▶ **Problem statement**
Scan the records below and copy every line that contains the string "noteq".

▶ **Excerpted data**
(* Let $S$ be a finite set of discrete probability distributions. For $x\in(0,1]$ define $C_S(x)$ to be the smallest $y\in[0,1]$ with $\textsc{Rem-Mass}^{\textsc{advanced}}_S(y)\ge x$. Then $C_S$ is non-decreasing, and whenever, during the run of the greedy coupling algorithm on $S$, there is $x$ mass left to be coupled, the next state created by the greedy algorithm has mass at least $C_S(x)$.
   Context: Distributions are finite vectors $p(1)\ge\dots\ge p(n)\ge0$ summing to $1$. Greedy coupling algorithm: maintain the remaining masses of the states of each distribution in $S$. Repeatedly: let $r=\min_{p\in S}\max_j p(j)$; if $r=0$ stop; otherwise create a coupling state of mass $r$ and subtract $r$ from the largest remaining state of every distribution (ties broken arbitrarily). For $y\in[0,1]$, $$\textsc{Rem-Mass}^{\textsc{advanced}}_S(y)=\max_{p\in S}\sum_{j=1}^n\begin{cases}y & y\le p(j)/2,\\ p(j)/2 & p(j)/2<y<p(j),\\ p(j) & p(j)\le y.\end{cases}$$ *)

theory Defs
  imports Main "HOL.Real"
begin

text \<open>A distribution p(1) \<ge> ... \<ge> p(n) \<ge> 0 summing to 1, as a list (p ! (j-1) = p(j)).\<close>
definition is_dist :: "real list \<Rightarrow> bool" where
  "is_dist p \<longleftrightarrow> sorted_wrt (\<ge>) p \<and> (\<forall>a\<in>set p. 0 \<le> a) \<and> sum_list p = 1"

definition rem_term :: "real \<Rightarrow> real \<Rightarrow> real" where
  "rem_term y a = (if y \<le> a / 2 then y else if y < a then a / 2 else a)"

definition rem_mass_adv :: "real list set \<Rightarrow> real \<Rightarrow> real" where
  "rem_mass_adv S y = Max ((\<lambda>p. \<Sum>j<length p. rem_term y (p ! j)) ` S)"

definition C_S :: "real list set \<Rightarrow> real \<Rightarrow> real" where
  "C_S S x = (LEAST y. y \<in> {0..1} \<and> rem_mass_adv S y \<ge> x)"

text \<open>Greedy coupling algorithm. A state is (rem, c): rem p j is the remaining mass of
  state j (0-based) of distribution p, c is the total mass coupled so far.\<close>
type_synonym gstate = "(real list \<Rightarrow> nat \<Rightarrow> real) \<times> real"

definition init_state :: "gstate" where
  "init_state = ((\<lambda>p j. p ! j), 0)"

definition next_mass :: "real list set \<Rightarrow> (real list \<Rightarrow> nat \<Rightarrow> real) \<Rightarrow> real" where
  "next_mass S rem = Min ((\<lambda>p. Max ((\<lambda>j. rem p j) ` {..<length p})) ` S)"

definition greedy_step :: "real list set \<Rightarrow> gstate \<Rightarrow> gstate \<Rightarrow> bool" where
  "greedy_step S st st' \<longleftrightarrow>
     (let rem = fst st; c = snd st; r = next_mass S rem in
       r \<noteq> 0 \<and>
       (\<exists>J. (\<forall>p\<in>S. J p < length p \<and> (\<forall>j<length p. rem p j \<le> rem p (J p))) \<and>
            st' = ((\<lambda>p. if p \<in> S then (rem p)(J p := rem p (J p) - r) else rem p), c + r)))"

definition greedy_reachable :: "real list set \<Rightarrow> gstate \<Rightarrow> bool" where
  "greedy_reachable S st \<longleftrightarrow> (greedy_step S)\<^sup>*\<^sup>* init_state st"

end

theory Submission
  imports Defs Complex_Main
begin

(* Every summand of Rem-Mass^advanced_S is piecewise linear in y and at its only jump, y = p(j),
   takes the larger value; so Rem-Mass^advanced_S is upper semicontinuous from the right and the
   set of y in [0,1] with Rem-Mass(y) >= x contains its infimum. Hence C_S(x) is attained, and
   C_S is monotone because these sets shrink as x grows.

   For the greedy algorithm, the coupled masses r never increase. Therefore every state of every
   distribution is either untouched or has already lost at least the current r. For a
   distribution attaining r = min_p max_j, every remaining mass is moreover at most r, and these
   facts bound the remaining mass of state j by the j-th summand of Rem-Mass at y = r. Summing
   over j, the mass x still to be coupled is at most Rem-Mass(r), so C_S(x) <= r. *)

lemma rem_term_eq: "0 \<le> a \<Longrightarrow> rem_term y a = (if y < a then min y (a / 2) else a)"
  unfolding rem_term_def by auto

lemma rem_term_continuous_right:
  assumes "0 \<le> a"
  shows "((\<lambda>z. rem_term z a) \<longlongrightarrow> rem_term y a) (at_right y)"
proof (cases "y < a")
  case True
  have "eventually (\<lambda>z. z < a) (at_right y)"
    using True by (auto simp: eventually_at_right_field)
  then have "eventually (\<lambda>z. min z (a / 2) = rem_term z a) (at_right y)"
    by eventually_elim (simp add: rem_term_eq assms)
  moreover have "((\<lambda>z. min z (a / 2)) \<longlongrightarrow> rem_term y a) (at_right y)"
    using True assms by (simp add: rem_term_eq) (intro tendsto_intros)
  ultimately show ?thesis
    by (rule Lim_transform_eventually[rotated])
next
  case False
  have "eventually (\<lambda>z. a = rem_term z a) (at_right y)"
    using eventually_at_right_less[of y] by eventually_elim (use False assms in \<open>simp add: rem_term_eq\<close>)
  moreover have "((\<lambda>z. a) \<longlongrightarrow> rem_term y a) (at_right y)"
    using False assms by (simp add: rem_term_eq)
  ultimately show ?thesis
    by (rule Lim_transform_eventually[rotated])
qed

lemma le_rem_term: "u \<le> a \<Longrightarrow> u \<le> r \<Longrightarrow> u = a \<or> u + r \<le> a \<Longrightarrow> u \<le> rem_term r a"
  unfolding rem_term_def by auto

lemma Inf_mem_if_right_closed:
  fixes T :: "real set"
  assumes "T \<noteq> {}" "bdd_below T"
    and right_closed: "\<And>y. y \<notin> T \<Longrightarrow> eventually (\<lambda>z. z \<notin> T) (at_right y)"
  shows "Inf T \<in> T"
proof (rule ccontr)
  assume Inf_notin: "Inf T \<notin> T"
  then obtain b where "Inf T < b" and gap: "\<forall>z>Inf T. z < b \<longrightarrow> z \<notin> T"
    using right_closed by (auto simp: eventually_at_right_field)
  then obtain t where "t \<in> T" "t < b"
    using cInf_less_iff[OF assms(1,2)] by blast
  moreover have "Inf T < t"
    using \<open>t \<in> T\<close> Inf_notin cInf_lower[OF _ assms(2)] by (metis order.not_eq_order_implies_strict)
  ultimately show False
    using gap by blast
qed

lemma sum_fun_upd_diff:
  fixes f :: "'a \<Rightarrow> real"
  assumes "finite A" "k \<in> A"
  shows "sum (f(k := f k - d)) A = sum f A - d"
proof -
  have "f(k := f k - d) = (\<lambda>j. f j - (if j = k then d else 0))"
    by auto
  then show ?thesis
    using assms by (simp add: sum_subtractf)
qed

lemma is_dist_nth:
  assumes "is_dist p" "j < length p"
  shows "0 \<le> p ! j" "p ! j \<le> 1"
  using assms member_le_sum_list[of "p ! j" p] unfolding is_dist_def by auto

lemma is_dist_sum_nth: "is_dist p \<Longrightarrow> (\<Sum>j<length p. p ! j) = 1"
  unfolding is_dist_def by (simp add: sum_list_sum_nth atLeast0LessThan)

definition rem_mass :: "real list \<Rightarrow> real \<Rightarrow> real" where
  "rem_mass p y = (\<Sum>j<length p. rem_term y (p ! j))"

lemma rem_mass_adv_eq: "rem_mass_adv S y = Max ((\<lambda>p. rem_mass p y) ` S)"
  unfolding rem_mass_adv_def rem_mass_def ..

lemma rem_mass_continuous_right:
  "\<forall>a\<in>set p. 0 \<le> a \<Longrightarrow> ((\<lambda>z. rem_mass p z) \<longlongrightarrow> rem_mass p y) (at_right y)"
  unfolding rem_mass_def by (intro tendsto_sum rem_term_continuous_right) auto

lemma rem_mass_one:
  assumes "is_dist p"
  shows "rem_mass p 1 = 1"
proof -
  have "rem_term 1 (p ! j) = p ! j" if "j < length p" for j
    using is_dist_nth[OF assms that] by (simp add: rem_term_eq)
  then show ?thesis
    unfolding rem_mass_def using is_dist_sum_nth[OF assms] by simp
qed

definition max_remaining :: "(real list \<Rightarrow> nat \<Rightarrow> real) \<Rightarrow> real list \<Rightarrow> real" where
  "max_remaining rem p = Max (rem p ` {..<length p})"

lemma next_mass_eq: "next_mass S rem = Min (max_remaining rem ` S)"
  unfolding next_mass_def max_remaining_def ..

lemma max_remaining_ge: "j < length p \<Longrightarrow> rem p j \<le> max_remaining rem p"
  unfolding max_remaining_def by (intro Max_ge) auto

lemma max_remaining_le_iff: "p \<noteq> [] \<Longrightarrow> max_remaining rem p \<le> b \<longleftrightarrow> (\<forall>j<length p. rem p j \<le> b)"
  unfolding max_remaining_def by (subst Max_le_iff) auto
lemma no_star_layout: "\<not> star_layout E c m l pos cls"
proof
  assume layout: "star_layout E c m l pos cls"
  interpret star_layout E c m l pos cls by (fact layout)
  interpret reversed: star_layout E c m l "\<lambda>v. - pos v" cls
    by (rule star_layout_reverse[OF layout])
  show False
    using card_mids_right_less_4 reversed.card_mids_right_less_4
      card_mids_left_less_2_or_right_less_3 reversed.card_mids_left_less_2_or_right_less_3
      card_mids_left_plus_right
    by simp
qed

lemma not_pthin_with_2:
  assumes "star_vertices \<subseteq> V"
  shows "\<not> pthin_with V E 2"
proof
  assume "pthin_with V E 2"
  then obtain ord cls where ord: "distinct ord" "set ord = V"
    and classes: "cls ` V \<subseteq> {..<2}" and consistent: "strongly_consistent V E ord cls"
    unfolding pthin_with_def by blast
  have "star_vertices \<subseteq> set ord" using ord assms by simp
  then obtain pos where "strongly_consistent_on star_vertices E pos cls"
    and "inj_on pos star_vertices"
    using strongly_consistent_on_positions[OF ord(1) _ consistent] by blast
  with classes assms have "star_layout E c m l pos cls"
    by unfold_locales auto
  then show False using no_star_layout by blast
qed

end

definition TA_edges :: "(nat \<times> nat) list" where
  "TA_edges =
    [(0,1),(1,6),(0,2),(2,7),(0,3),(3,8),(0,4),(4,9),(0,5),(5,10),
     (11,12),(12,17),(11,13),(13,18),(11,14),(14,19),(11,15),(15,20),(11,16),(16,21),
     (22,23),(23,28),(22,24),(24,29),(22,25),(25,30),(22,26),(26,31),(22,27),(27,32),
     (33,6),(33,17),(33,28)]"

lemma TA_arc_iff: "TA_arc u v \<longleftrightarrow> (u, v) \<in> set TA_edges"
proof -
  have ex3: "(\<exists>c<3. P c) \<longleftrightarrow> P 0 \<or> P 1 \<or> P 2" for P :: "nat \<Rightarrow> bool"
    by (auto simp: eval_nat_numeral less_Suc_eq)
  have ex5: "(\<exists>i\<in>{1..5}. Q i) \<longleftrightarrow> Q 1 \<or> Q 2 \<or> Q 3 \<or> Q 4 \<or> Q 5" for Q :: "nat \<Rightarrow> bool"
    by (auto simp: atLeastAtMost_iff eval_nat_numeral le_Suc_eq)
  show ?thesis
    unfolding TA_arc_def TA_edges_def ex3 ex5 by (simp add: disj_assoc flip: One_nat_def)
qed

lemma TA_E_iff: "TA_E u v \<longleftrightarrow> (u, v) \<in> set TA_edges \<or> (v, u) \<in> set TA_edges"
  unfolding TA_E_def TA_arc_iff ..

definition TA_order :: "nat list" where
  "TA_order = [31, 26, 32, 27, 25, 29, 22, 24, 23, 30, 28, 5, 10, 7, 2, 1, 33,
               0, 6, 17, 4, 9, 8, 3, 12, 14, 19, 11, 21, 16, 15, 20, 13, 18]"

definition TA_class :: "nat \<Rightarrow> nat" where
  "TA_class v = [0, 2, 2, 0, 1, 0, 2, 2, 1, 1, 2, 1, 2, 2, 2, 2, 2,
                 2, 1, 0, 0, 0, 2, 0, 0, 1, 2, 1, 1, 0, 2, 2, 0, 1] ! v"

lemma sort_TA_order: "sort TA_order = [0..<34]"
  by (simp add: TA_order_def upt_rec)

lemma set_TA_order: "set TA_order = TA_V"
  by (metis sort_TA_order set_sort set_upt atLeast0LessThan TA_V_def)

lemma TA_class_less_3: "TA_class ` TA_V \<subseteq> {..<3}"
  by (auto simp: TA_class_def TA_V_def lessThan_nat_numeral)

lemma strongly_consistent_TA: "strongly_consistent TA_V TA_E TA_order TA_class"
  unfolding strongly_consistent_iff_triples_wrt TA_E_iff
  by (simp add: TA_order_def TA_class_def TA_edges_def)

lemma distinct_TA_order: "distinct TA_order"
  by (metis distinct_sort distinct_upt sort_TA_order)

lemma pthin_with_TA_3: "pthin_with TA_V TA_E 3"
  unfolding pthin_with_def
  using distinct_TA_order set_TA_order TA_class_less_3 strongly_consistent_TA by blast

lemma TA_subdivided_star: "subdivided_star TA_E 0 Suc (\<lambda>i. i + 6)"
proof
  show "TA_E u v \<longleftrightarrow> TA_E v u" for u v
    unfolding TA_E_def by blast
  have less_5: "i < 5 \<longleftrightarrow> i \<in> {0, 1, 2, 3, 4}" for i :: nat by auto
  show "TA_E 0 (Suc i)" "TA_E (Suc i) (i + 6)" "\<not> TA_E 0 (i + 6)" if "i < 5" for i
    using that unfolding less_5 by (elim insertE emptyE; simp add: TA_E_iff TA_edges_def)+
  show "\<not> TA_E (Suc i) (Suc j)" if "i < 5" "j < 5" for i j
    using that unfolding less_5 by (elim insertE emptyE; simp add: TA_E_iff TA_edges_def)
  show "\<not> TA_E (i + 6) (Suc j)" if "i < 5" "j < 5" "i \<noteq> j" for i j
    using that unfolding less_5 by (elim insertE emptyE; simp add: TA_E_iff TA_edges_def)
qed

theorem proposition6:
  shows "pthin TA_V TA_E = 3"
proof -
  interpret subdivided_star TA_E 0 Suc "\<lambda>i. i + 6"
    by (rule TA_subdivided_star)
  have "star_vertices \<subseteq> TA_V"
    by (auto simp: star_vertices_def TA_V_def)
  then have "\<not> pthin_with TA_V TA_E 2"
    by (rule not_pthin_with_2)
  with pthin_with_TA_3 show ?thesis
    using pthin_eqI[of TA_V TA_E 2] by simp
qed

end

▶ **Solved problem**
       r \<noteq> 0 \<and>
  assumes "T \<noteq> {}" "bdd_below T"
lemma max_remaining_le_iff: "p \<noteq> [] \<Longrightarrow> max_remaining rem p \<le> b \<longleftrightarrow> (\<forall>j<length p. rem p j \<le> b)"
  show "\<not> TA_E (i + 6) (Suc j)" if "i < 5" "j < 5" "i \<noteq> j" for i j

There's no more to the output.